Creating connections
At the Hotel Waterloo in Wellington my grandmother hurries to room 507 to write a letter to her husband. From her window she can see the port where he is preparing to board a ship bound for Egypt.
As I am unable to see you to give you one more last goodbye hug I have rushed back here to write you my goodbyes.
Dearest remember always no matter where you are and in what circumstances I am with you – closer than breathing – spirit with your spirit. I am so at one with you.
She is separated from him. Himeros: she desires his embrace. Yet she cannot. Instead she writes to him: Pothos. He is absent and she shapes the space between them with language. In this space she connects to her beloved. Only here in the mediated or virtual realm, created through language, can she be closer than breathing.
Villem Flusser writes that communication is an artificial construct. The words “I love you” that as a sixteen year old I first whispered into a girl’s ear are no more natural than the electric images glowing from a box in a lounge room. Communication and the various systems of language constructed by man exist for the purpose of rendering the abstract tangible. Allowing the unknown to exist in our daily discourses. Language can, through abstraction, create space for the imagining of meaning.

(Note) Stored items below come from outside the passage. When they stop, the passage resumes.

lemma Phi_QFSR_quadratic:
  assumes "f = (\<lambda>v. a + b * v + c * v^2)" and "h \<noteq> 0"
  shows "Phi (1/3) (-2/3) (2/3) f Dbar u h y
    = central_flux f c (grid u y h) - dissipation_flux Dbar u h y"
  unfolding Phi_def fL_quadratic[OF assms(1)] fR_quadratic[OF assms(1)]
    uL_QFSR[OF assms(2)] uR_QFSR[OF assms(2)] central_flux_def dissipation_flux_def recon_jump_def
  by (simp add: field_simps grid_def)

lemma central_flux_quintic_shift:
  assumes "f = (\<lambda>v. a + b * v + c * v^2)"
    and "P = (\<lambda>k. U0 + U1 * k + U2 * k^2 + U3 * k^3 + U4 * k^4 + U5 * k^5)"
  shows "central_flux f c P - central_flux f c (\<lambda>k. P (k - 1))
    = (b + 2 * c * U0) * (U1 + U5) - 5/9 * c * U2 * U3
      + c * (5/3 * U4 * U5 - 5/9 * U3 * U4 + 5/3 * U2 * U5)"
  unfolding assms central_flux_def recon_left_def recon_right_def
  by (simp add: field_simps power2_eq_square eval_nat_numeral)

lemma recon_jump_quintic:
  assumes "P = (\<lambda>k. U0 + U1 * k + U2 * k^2 + U3 * k^3 + U4 * k^4 + U5 * k^5)"
  shows "recon_jump (\<lambda>k. P (k + s)) = 5 * U5"
  unfolding assms recon_jump_def recon_left_def recon_right_def
  by (simp add: field_simps power2_eq_square eval_nat_numeral)

lemma recon_left_diff: "recon_left g - recon_left g' = recon_left (\<lambda>k. g k - g' k)"
  unfolding recon_left_def by (simp add: field_simps)

lemma recon_right_diff: "recon_right g - recon_right g' = recon_right (\<lambda>k. g k - g' k)"
  unfolding recon_right_def by (simp add: field_simps)

lemma recon_jump_diff: "recon_jump g - recon_jump g' = recon_jump (\<lambda>k. g k - g' k)"
  unfolding recon_jump_def recon_left_def recon_right_def by (simp add: field_simps)

section \<open>Landau estimates\<close>

lemma bigo_mult_diff:
  fixes f f' g g' :: "'a \<Rightarrow> real"
  assumes "(\<lambda>x. f x - f' x) \<in> O[F](\<phi>)" "(\<lambda>x. g x - g' x) \<in> O[F](\<phi>)"
    and "f \<in> O[F](\<lambda>_. 1)" "g' \<in> O[F](\<lambda>_. 1)"
  shows "(\<lambda>x. f x * g x - f' x * g' x) \<in> O[F](\<phi>)"
proof -
  have "(\<lambda>x. (g x - g' x) * f x + (f x - f' x) * g' x) \<in> O[F](\<phi>)"
    using assms by (intro sum_in_bigo(1) landau_o.big_1_mult)
  then show ?thesis by (simp add: algebra_simps)
qed

lemma bigo_square_diff:
  fixes f g :: "'a \<Rightarrow> real"
  assumes "(\<lambda>x. f x - g x) \<in> O[F](\<phi>)" "f \<in> O[F](\<lambda>_. 1)" "g \<in> O[F](\<lambda>_. 1)"
  shows "(\<lambda>x. (f x)^2 - (g x)^2) \<in> O[F](\<phi>)"
  using bigo_mult_diff[OF assms(1,1,2,3)] by (simp add: power2_eq_square)

lemma power_bigo_at_0:
  assumes "n \<le> m"
  shows "(\<lambda>h::real. h^m) \<in> O[at 0](\<lambda>h. h^n)"
proof -
  have "(\<lambda>h::real. h^(m - n)) \<in> O[at 0](\<lambda>_. 1)"
    by (intro continuous_imp_bigo_1 continuous_intros)
  then have "(\<lambda>h::real. h^n * h^(m - n)) \<in> O[at 0](\<lambda>h. h^n)"
    by (rule landau_o.big_1_mult[OF landau_o.big_refl])
  with assms show ?thesis by (simp add: power_add[symmetric])
qed

lemma differentiable_imp_bigo_linear:
  fixes g :: "real \<Rightarrow> real"
  assumes "g differentiable (at 0)"
  shows "(\<lambda>h. g h - g 0) \<in> O[at 0](\<lambda>h. h)"
  using taylor_bigo_linear[of g 0 UNIV] assms
  by (simp add: field_differentiable_def real_differentiable_def)

lemma bigo_at_0_imp_bound:
  fixes g :: "real \<Rightarrow> real"
  assumes "g \<in> O[at 0](\<lambda>h. h^n)"
  shows "\<exists>C \<delta>. \<delta> > 0 \<and> (\<forall>h. 0 < h \<and> h < \<delta> \<longrightarrow> \<bar>g h\<bar> \<le> C * h^n)"
proof -
  obtain C where "eventually (\<lambda>h. norm (g h) \<le> C * norm (h^n)) (at 0)"
    using assms by (elim landau_o.bigE) auto
  then obtain \<delta> where "\<delta> > 0" "\<And>h. h \<noteq> 0 \<Longrightarrow> \<bar>h\<bar> < \<delta> \<Longrightarrow> \<bar>g h\<bar> \<le> C * \<bar>h\<bar>^n"
    unfolding eventually_at by (auto simp: power_abs)
  then show ?thesis by (metis abs_of_pos less_irrefl)
qed

lemma recon_left_bigo:
  assumes "\<And>k. (\<lambda>h. G h k) \<in> O[F](\<phi>)"
  shows "(\<lambda>h. recon_left (G h)) \<in> O[F](\<phi>)"
  unfolding recon_left_def by (simp, intro sum_in_bigo) (simp_all add: assms)

lemma recon_right_bigo:
  assumes "\<And>k. (\<lambda>h. G h k) \<in> O[F](\<phi>)"
  shows "(\<lambda>h. recon_right (G h)) \<in> O[F](\<phi>)"
  unfolding recon_right_def by (simp, intro sum_in_bigo) (simp_all add: assms)

lemma recon_jump_bigo:
  assumes "\<And>k. (\<lambda>h. G h k) \<in> O[F](\<phi>)"
  shows "(\<lambda>h. recon_jump (G h)) \<in> O[F](\<phi>)"
  unfolding recon_jump_def by (intro sum_in_bigo recon_left_bigo recon_right_bigo assms)

lemma central_flux_perturb:
  assumes f: "f = (\<lambda>v. a + b * v + c * v^2)"
    and GP: "\<And>k. (\<lambda>h. G h k - P h k) \<in> O[F](\<phi>)"
    and G: "\<And>k. (\<lambda>h. G h k) \<in> O[F](\<lambda>_. 1)" and P: "\<And>k. (\<lambda>h. P h k) \<in> O[F](\<lambda>_. 1)"
  shows "(\<lambda>h. central_flux f c (G h) - central_flux f c (P h)) \<in> O[F](\<phi>)"
proof -
  define lG lP rG rP where "lG h = recon_left (G h)" and "lP h = recon_left (P h)"
    and "rG h = recon_right (G h)" and "rP h = recon_right (P h)" for h
  have dl: "(\<lambda>h. lG h - lP h) \<in> O[F](\<phi>)"
    unfolding lG_def lP_def recon_left_diff by (rule recon_left_bigo, rule GP)
  have dr: "(\<lambda>h. rG h - rP h) \<in> O[F](\<phi>)"
    unfolding rG_def rP_def recon_right_diff by (rule recon_right_bigo, rule GP)
  have dl0: "(\<lambda>h. (lG h - G h 0) - (lP h - P h 0)) \<in> O[F](\<phi>)"
    using sum_in_bigo(2)[OF dl GP[of 0]] by (simp add: algebra_simps)
  have dr1: "(\<lambda>h. (rG h - G h 1) - (rP h - P h 1)) \<in> O[F](\<phi>)"
    using sum_in_bigo(2)[OF dr GP[of 1]] by (simp add: algebra_simps)
  have bdd: "lG \<in> O[F](\<lambda>_. 1)" "lP \<in> O[F](\<lambda>_. 1)" "rG \<in> O[F](\<lambda>_. 1)" "rP \<in> O[F](\<lambda>_. 1)"
    unfolding lG_def lP_def rG_def rP_def
    by (intro recon_left_bigo recon_right_bigo G P)+
  have sq: "(\<lambda>h. lG h^2 - lP h^2) \<in> O[F](\<phi>)" "(\<lambda>h. rG h^2 - rP h^2) \<in> O[F](\<phi>)"
    "(\<lambda>h. (lG h - G h 0)^2 - (lP h - P h 0)^2) \<in> O[F](\<phi>)"
    "(\<lambda>h. (rG h - G h 1)^2 - (rP h - P h 1)^2) \<in> O[F](\<phi>)"
      apply (rule bigo_square_diff[OF dl bdd(1,2)])
     apply (rule bigo_square_diff[OF dr bdd(3,4)])
    by (rule bigo_square_diff[OF dl0] bigo_square_diff[OF dr1]; intro sum_in_bigo bdd G P)+
  have eq: "central_flux f c (G h) - central_flux f c (P h)
      = b / 2 * ((lG h - lP h) + (rG h - rP h)) + c / 2 * ((lG h^2 - lP h^2) + (rG h^2 - rP h^2))
        - c / 6 * (((lG h - G h 0)^2 - (lP h - P h 0)^2) + ((rG h - G h 1)^2 - (rP h - P h 1)^2))"
    for h
    by (simp add: central_flux_def f lG_def lP_def rG_def rP_def field_simps)
  have "(\<lambda>h. b / 2 * ((lG h - lP h) + (rG h - rP h)) + c / 2 * ((lG h^2 - lP h^2) + (rG h^2 - rP h^2))
      - c / 6 * (((lG h - G h 0)^2 - (lP h - P h 0)^2) + ((rG h - G h 1)^2 - (rP h - P h 1)^2)))
      \<in> O[F](\<phi>)"
    using dl dr sq by (auto intro!: sum_in_bigo)
  then show ?thesis unfolding eq .
qed

section \<open>Smooth data on the grid\<close>

lemma smooth1_DERIV:
  "smooth1 u \<Longrightarrow> ((deriv ^^ m) u has_real_derivative (deriv ^^ Suc m) u t) (at t)"
  unfolding smooth1_def by (simp add: DERIV_deriv_iff_real_differentiable)

lemma smooth1_differentiable: "smooth1 u \<Longrightarrow> u differentiable (at t)"
  unfolding smooth1_def by (metis funpow_0)

lemma smooth1_continuous: "smooth1 u \<Longrightarrow> continuous (at t within S) ((deriv ^^ m) u)"
  unfolding smooth1_def by (meson differentiable_at_withinI differentiable_imp_continuous_within)

lemma smooth2_compose_differentiable:
  assumes "smooth2 g" "\<alpha> differentiable (at t)" "\<beta> differentiable (at t)"
  shows "(\<lambda>s. g (\<alpha> s) (\<beta> s)) differentiable (at t)"
proof -
  have "(\<lambda>q. g (fst q) (snd q)) differentiable (at (\<alpha> t, \<beta> t))"
    using assms(1) unfolding smooth2_def by (metis funpow_0)
  then have "((\<lambda>q. g (fst q) (snd q)) \<circ> (\<lambda>s. (\<alpha> s, \<beta> s))) differentiable (at t)"
    by (intro differentiable_chain_at differentiable_Pair assms(2,3))
  then show ?thesis by (simp add: comp_def)
qed

definition taylor_poly :: "(real \<Rightarrow> real) \<Rightarrow> real \<Rightarrow> nat \<Rightarrow> real \<Rightarrow> real" where
  "taylor_poly u x n s = (\<Sum>i<n. (deriv ^^ i) u x / fact i * s^i)"

lemma taylor_poly_6_grid:
  "taylor_poly u x 6 (k * h) = (deriv ^^ 0) u x + ((deriv ^^ 1) u x * h) * k
     + ((deriv ^^ 2) u x / 2 * h^2) * k^2 + ((deriv ^^ 3) u x / 6 * h^3) * k^3
     + ((deriv ^^ 4) u x / 24 * h^4) * k^4 + ((deriv ^^ 5) u x / 120 * h^5) * k^5"
  by (simp add: taylor_poly_def eval_nat_numeral fact_numeral algebra_simps)

lemma taylor_remainder_bigo:
  assumes u: "smooth1 u"
  shows "(\<lambda>h. u (x + k * h) - taylor_poly u x n (k * h)) \<in> O[at 0](\<lambda>h. h^n)"
proof -
  obtain M where M: "\<And>t. t \<in> {x - \<bar>k\<bar>..x + \<bar>k\<bar>} \<Longrightarrow> \<bar>(deriv ^^ n) u t\<bar> \<le> M"
    using continuous_on_compact_bound[OF compact_Icc continuous_at_imp_continuous_on]
      smooth1_continuous[OF u] by (metis real_norm_def)
  have "\<bar>u (x + k * h) - taylor_poly u x n (k * h)\<bar> \<le> M * \<bar>k\<bar>^n / fact n * \<bar>h^n\<bar>"
    if h: "\<bar>h\<bar> < 1" for h
  proof -
    have "((\<lambda>s. (deriv ^^ m) u (x + s)) has_real_derivative (deriv ^^ Suc m) u (x + s) * 1) (at s)"
      for m s by (rule DERIV_chain2[OF smooth1_DERIV[OF u]]) (auto intro!: derivative_eq_intros)
    then have "\<forall>m s. ((\<lambda>s. (deriv ^^ m) u (x + s)) has_real_derivative (deriv ^^ Suc m) u (x + s)) (at s)"
      by simp
    from Maclaurin_all_le[where diff = "\<lambda>m s. (deriv ^^ m) u (x + s)", OF refl this]
    obtain t where t: "\<bar>t\<bar> \<le> \<bar>k * h\<bar>"
      and taylor: "u (x + k * h) = taylor_poly u x n (k * h) + (deriv ^^ n) u (x + t) / fact n * (k * h)^n"
      unfolding taylor_poly_def by auto
    have "\<bar>k * h\<bar> \<le> \<bar>k\<bar>" using h by (simp add: abs_mult mult_left_le)
    with t have "\<bar>(deriv ^^ n) u (x + t)\<bar> \<le> M" by (intro M) auto
    then show ?thesis
      unfolding taylor
      by (simp add: abs_mult power_abs power_mult_distrib mult.assoc mult_right_mono divide_right_mono)
  qed
  then have "eventually (\<lambda>h. norm (u (x + k * h) - taylor_poly u x n (k * h))
      \<le> M * \<bar>k\<bar>^n / fact n * norm (h^n)) (at 0)"
    unfolding eventually_at by (intro exI[of _ 1]) auto
  then show ?thesis by (rule bigoI)
qed

lemma taylor_poly_grid_bigo_1: "(\<lambda>h. taylor_poly u x n (k * h)) \<in> O[at 0](\<lambda>_. 1)"
  unfolding taylor_poly_def by (intro continuous_imp_bigo_1 continuous_intros)

lemma grid_bigo_1:
  assumes "smooth1 u"
  shows "(\<lambda>h. grid u x h k) \<in> O[at 0](\<lambda>_. 1)"
  unfolding grid_def
proof (rule continuous_imp_bigo_1, rule isCont_o2[where f = "\<lambda>h. x + k * h"])
  show "isCont u (x + k * 0)"
    using smooth1_continuous[OF assms, of _ UNIV 0] by simp
qed (intro continuous_intros)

John Hanhardt writes that Gary Hill’s work is ironic in that it concerns itself with the threat of the erasure of language by the very technologies he uses in his art. There is however no chasm between language and communication technologies such as video. Language is not limited to the written or spoken word. Language is by definition a system of communication and the written and spoken word is so often supplanted with the term “language” because it is a system that can be easily measured.

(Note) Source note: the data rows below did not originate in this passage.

lemma inv_on_orbit_permutes: "inv_on_orbit p a permutes orbit p a"
proof (rule bij_imp_permutes)
  show "bij_betw (inv_on_orbit p a) (orbit p a) (orbit p a)"
  proof (rule bij_betw_byWitness[where f' = "perm_restrict p (orbit p a)"])
    show "\<forall>x\<in>orbit p a. perm_restrict p (orbit p a) (inv_on_orbit p a x) = x"
      using inv_in_orbit by (simp add: inv_on_orbit_def perm_restrict_simps permutes_inverses(1)[OF p])
    show "\<forall>x\<in>orbit p a. inv_on_orbit p a (perm_restrict p (orbit p a) x) = x"
      using orbit.step[of _ p a] by (simp add: inv_on_orbit_def perm_restrict_simps permutes_inverses(2)[OF p])
    show "inv_on_orbit p a ` orbit p a \<subseteq> orbit p a"
      using inv_in_orbit by (auto simp: inv_on_orbit_def perm_restrict_simps)
    show "perm_restrict p (orbit p a) ` orbit p a \<subseteq> orbit p a"
      using orbit.step[of _ p a] by (auto simp: perm_restrict_simps)
  qed
qed (simp add: inv_on_orbit_def perm_restrict_simps)

lemma sign_inv_on_orbit: "sign (inv_on_orbit p a) = (-1) ^ (card (orbit p a) - 1)"
  using sign_perm_restrict_orbit[of "Hilbert_Choice.inv p" a] orbit_inv permutation_of_permutes_finite
  by (simp add: inv_on_orbit_def permutation_inverse)

lemma reverse_cycle_eq: "reverse_cycle p a = p \<circ> inv_on_orbit p a \<circ> inv_on_orbit p a"
proof
  fix x show "reverse_cycle p a x = (p \<circ> inv_on_orbit p a \<circ> inv_on_orbit p a) x"
  proof (cases "x \<in> orbit p a")
    case True
    then have "Hilbert_Choice.inv p x \<in> orbit p a" by (rule inv_in_orbit)
    with True show ?thesis
      by (simp add: reverse_cycle_def inv_on_orbit_def perm_restrict_simps permutes_inverses(1)[OF p])
  qed (simp add: reverse_cycle_def inv_on_orbit_def perm_restrict_simps)
qed

lemma reverse_cycle_permutes: "a \<in> S \<Longrightarrow> reverse_cycle p a permutes S"
  using permutes_subset[OF inv_on_orbit_permutes permutes_orbit_subset[OF p]]
  by (simp add: reverse_cycle_eq permutes_compose p)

The English alphabet has a set of 26 symbols and these symbols are combined and collected into compilations called dictionaries that list how the symbols should be defined. The written and spoken word therefore is very typical of a system if a system were to be defined as set of principles and guidelines similar to the rules of a game. If we were however to define a system as a set of things that are interconnected together into a network then new communication technologies such as the internet or television, which are focused primarily on creating connections, are as valid, if not more valid, than the written and spoken word as language. This definition of a system as an interconnecting network is more suitable as it is the very nature of communication to create connections.

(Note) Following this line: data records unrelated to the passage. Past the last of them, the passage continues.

(* Let $A$ be a closed densely defined operator in $\mathcal H$ and $G$ a bounded metric operator in $\mathcal H$ (with $G^{-1}$ possibly unbounded). Consider the conditions: (i) $GD(A)=D(A^* )$ and $A^*G\xi=GA\xi$ for every $\xi\in D(A)$; (ii) the operator $G^{1/2}AG^{-1/2}$, with domain $G^{1/2}D(A)$, is self-adjoint in $\mathcal H$; (iii) $A$ is self-adjoint in $\mathcal H(G)$; (iv) $GD(A)=D(G^{-1}A^* )$ and $A^*G\xi=GA\xi$ for every $\xi\in D(A)$. Then (i) $\Rightarrow$ (ii) $\Rightarrow$ (iii) $\Rightarrow$ (iv). If moreover the range $R(A^* )$ is contained in $D(G^{-1})$, then (i)–(iv) are equivalent.
   Context: A metric operator in $\mathcal H$ is a self-adjoint operator $G$ with $\langle G\xi,\xi\rangle>0$ for all nonzero $\xi\in D(G)$; $G^{-1}$, $G^{-1/2}$ denote the (possibly unbounded) inverses of $G$, $G^{1/2}$. For bounded metric $G$, $\mathcal H(G)$ is the completion of $\mathcal H$ under $\|\xi\|_G=\|G^{1/2}\xi\|$ with inner product $\langle\xi,\eta\rangle_G=\langle G^{1/2}\xi,G^{1/2}\eta\rangle$; $D(A)$ is dense in $\mathcal H(G)$, and "$A$ is self-adjoint in $\mathcal H(G)$" means $A=A^\#$, where $A^\#$ is the adjoint in $\mathcal H(G)$ of $A$ viewed as an operator in $\mathcal H(G)$ with domain $D(A)$. $D(G^{-1}A^* )=\{\zeta\in D(A^* ): A^*\zeta\in D(G^{-1})\}$. *)

theory Defs
  imports "HOL-Analysis.Analysis"
begin

text \<open>The library has no complex inner product spaces, so we introduce a class of
complex Hilbert spaces: a complete real normed vector space with a complex scalar
multiplication extending the real one and a complex inner product (conjugate-linear
in the first argument) inducing the norm.\<close>

class complex_hilbert = real_normed_vector + complete_space +
  fixes scaleC :: "complex \<Rightarrow> 'a \<Rightarrow> 'a"
    and cinner :: "'a \<Rightarrow> 'a \<Rightarrow> complex"
  assumes scaleC_add_right: "scaleC c (x + y) = scaleC c x + scaleC c y"
    and scaleC_add_left: "scaleC (b + c) x = scaleC b x + scaleC c x"
    and scaleC_scaleC: "scaleC b (scaleC c x) = scaleC (b * c) x"
    and scaleC_one: "scaleC 1 x = x"
    and scaleR_scaleC: "scaleR r x = scaleC (complex_of_real r) x"
    and cinner_commute: "cinner x y = cnj (cinner y x)"
    and cinner_add_left: "cinner (x + y) z = cinner x z + cinner y z"
    and cinner_scaleC_left: "cinner (scaleC c x) y = cnj c * cinner x y"
    and cinner_pos: "x \<noteq> 0 \<Longrightarrow> 0 < Re (cinner x x)"
    and norm_eq_sqrt_cinner: "norm x = sqrt (Re (cinner x x))"

text \<open>Sanity check: the class is consistent (\<open>\<complex>\<close> is an instance).\<close>
instantiation complex :: complex_hilbert
begin
definition scaleC_complex :: "complex \<Rightarrow> complex \<Rightarrow> complex" where
  "scaleC_complex c x = c * x"
definition cinner_complex :: "complex \<Rightarrow> complex \<Rightarrow> complex" where
  "cinner_complex x y = cnj x * y"
instance
proof
  fix x y z :: complex and b c :: complex and r :: real
  show "scaleC c (x + y) = scaleC c x + scaleC c y" by (simp add: scaleC_complex_def algebra_simps)
  show "scaleC (b + c) x = scaleC b x + scaleC c x" by (simp add: scaleC_complex_def algebra_simps)
  show "scaleC b (scaleC c x) = scaleC (b * c) x" by (simp add: scaleC_complex_def algebra_simps)
  show "scaleC 1 x = x" by (simp add: scaleC_complex_def)
  show "scaleR r x = scaleC (complex_of_real r) x" by (simp add: scaleC_complex_def scaleR_conv_of_real)
  show "cinner x y = cnj (cinner y x)" by (simp add: cinner_complex_def)
  show "cinner (x + y) z = cinner x z + cinner y z" by (simp add: cinner_complex_def algebra_simps)
  show "cinner (scaleC c x) y = cnj c * cinner x y" by (simp add: cinner_complex_def scaleC_complex_def)
  show "x \<noteq> 0 \<Longrightarrow> 0 < Re (cinner x x)"
    by (simp add: cinner_complex_def complex_eq_iff) (metis not_real_square_gt_zero add_pos_nonneg add_nonneg_pos zero_le_square)
  show "norm x = sqrt (Re (cinner x x))"
    by (simp add: cinner_complex_def cmod_def power2_eq_square)
qed
end

text \<open>An operator in \<open>\<H>\<close> is a pair (domain \<open>D\<close>, map \<open>f\<close>), only the values on \<open>D\<close> matter.\<close>

definition csubspace :: "'a::complex_hilbert set \<Rightarrow> bool" where
  "csubspace D \<longleftrightarrow> 0 \<in> D \<and> (\<forall>x\<in>D. \<forall>y\<in>D. x + y \<in> D) \<and> (\<forall>x\<in>D. \<forall>c. scaleC c x \<in> D)"

definition linear_op :: "'a::complex_hilbert set \<Rightarrow> ('a \<Rightarrow> 'a) \<Rightarrow> bool" where
  "linear_op D f \<longleftrightarrow> csubspace D \<and> (\<forall>x\<in>D. \<forall>y\<in>D. f (x + y) = f x + f y)
     \<and> (\<forall>x\<in>D. \<forall>c. f (scaleC c x) = scaleC c (f x))"

definition densely_defined :: "'a::complex_hilbert set \<Rightarrow> bool" where
  "densely_defined D \<longleftrightarrow> closure D = UNIV"

definition op_graph :: "'a set \<Rightarrow> ('a \<Rightarrow> 'a) \<Rightarrow> ('a \<times> 'a) set" where
  "op_graph D f = {(x, f x) | x. x \<in> D}"

definition closed_op :: "'a::complex_hilbert set \<Rightarrow> ('a \<Rightarrow> 'a) \<Rightarrow> bool" where
  "closed_op D f \<longleftrightarrow> linear_op D f \<and> closed (op_graph D f)"

definition adj_graph :: "'a::complex_hilbert set \<Rightarrow> ('a \<Rightarrow> 'a) \<Rightarrow> ('a \<times> 'a) set" where
  "adj_graph D f = {(\<eta>, \<zeta>). \<forall>\<xi>\<in>D. cinner (f \<xi>) \<eta> = cinner \<xi> \<zeta>}"

definition adj_dom :: "'a::complex_hilbert set \<Rightarrow> ('a \<Rightarrow> 'a) \<Rightarrow> 'a set" where
  "adj_dom D f = Domain (adj_graph D f)"

definition adj :: "'a::complex_hilbert set \<Rightarrow> ('a \<Rightarrow> 'a) \<Rightarrow> 'a \<Rightarrow> 'a" where
  "adj D f \<eta> = (THE \<zeta>. (\<eta>, \<zeta>) \<in> adj_graph D f)"

definition self_adjoint :: "'a::complex_hilbert set \<Rightarrow> ('a \<Rightarrow> 'a) \<Rightarrow> bool" where
  "self_adjoint D f \<longleftrightarrow> densely_defined D \<and> adj_graph D f = op_graph D f"

definition bounded_clinear_op :: "('a::complex_hilbert \<Rightarrow> 'a) \<Rightarrow> bool" where
  "bounded_clinear_op G \<longleftrightarrow> linear_op UNIV G \<and> (\<exists>K. \<forall>x. norm (G x) \<le> norm x * K)"

definition bounded_metric_op :: "('a::complex_hilbert \<Rightarrow> 'a) \<Rightarrow> bool" where
  "bounded_metric_op G \<longleftrightarrow> bounded_clinear_op G \<and> (\<forall>x y. cinner (G x) y = cinner x (G y))
     \<and> (\<forall>x. x \<noteq> 0 \<longrightarrow> 0 < Re (cinner (G x) x))"

definition op_sqrt :: "('a::complex_hilbert \<Rightarrow> 'a) \<Rightarrow> 'a \<Rightarrow> 'a" where
  "op_sqrt G = (THE S. bounded_clinear_op S \<and> (\<forall>x y. cinner (S x) y = cinner x (S y))
      \<and> (\<forall>x. 0 \<le> Re (cinner (S x) x)) \<and> (\<forall>x. S (S x) = G x))"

As a media artist I create connections, or rather I mediate. I present a medium, be it a video, a sound or a website, be it hot or cool, it is a medium, and this is what differentiates the media artist from the traditional concept of an artist. The medium shapes a void where connections can take place. A media artist presents a medium, not an object. The difference is of intention and not necessarily technology. A media artist presents a work with the intention to communicate rather than create. The naïve boundaries drawn up by technologies are neglect to consider why particular tools have been adopted by media artists. Media artists predominantly utilise technologies that have been developed for communication purposes, technologies such as video were developed to aid transmission for broadcast television. The use of these technologies are primarily motivated by a desire to create a connection.
In this regard a media artist is not dissimilar to a lover writing a letter to their beloved. Both the media artist and the lover utilise language, an interconnecting system, to present a medium that shapes the imaginary void where we can be closer than breathing.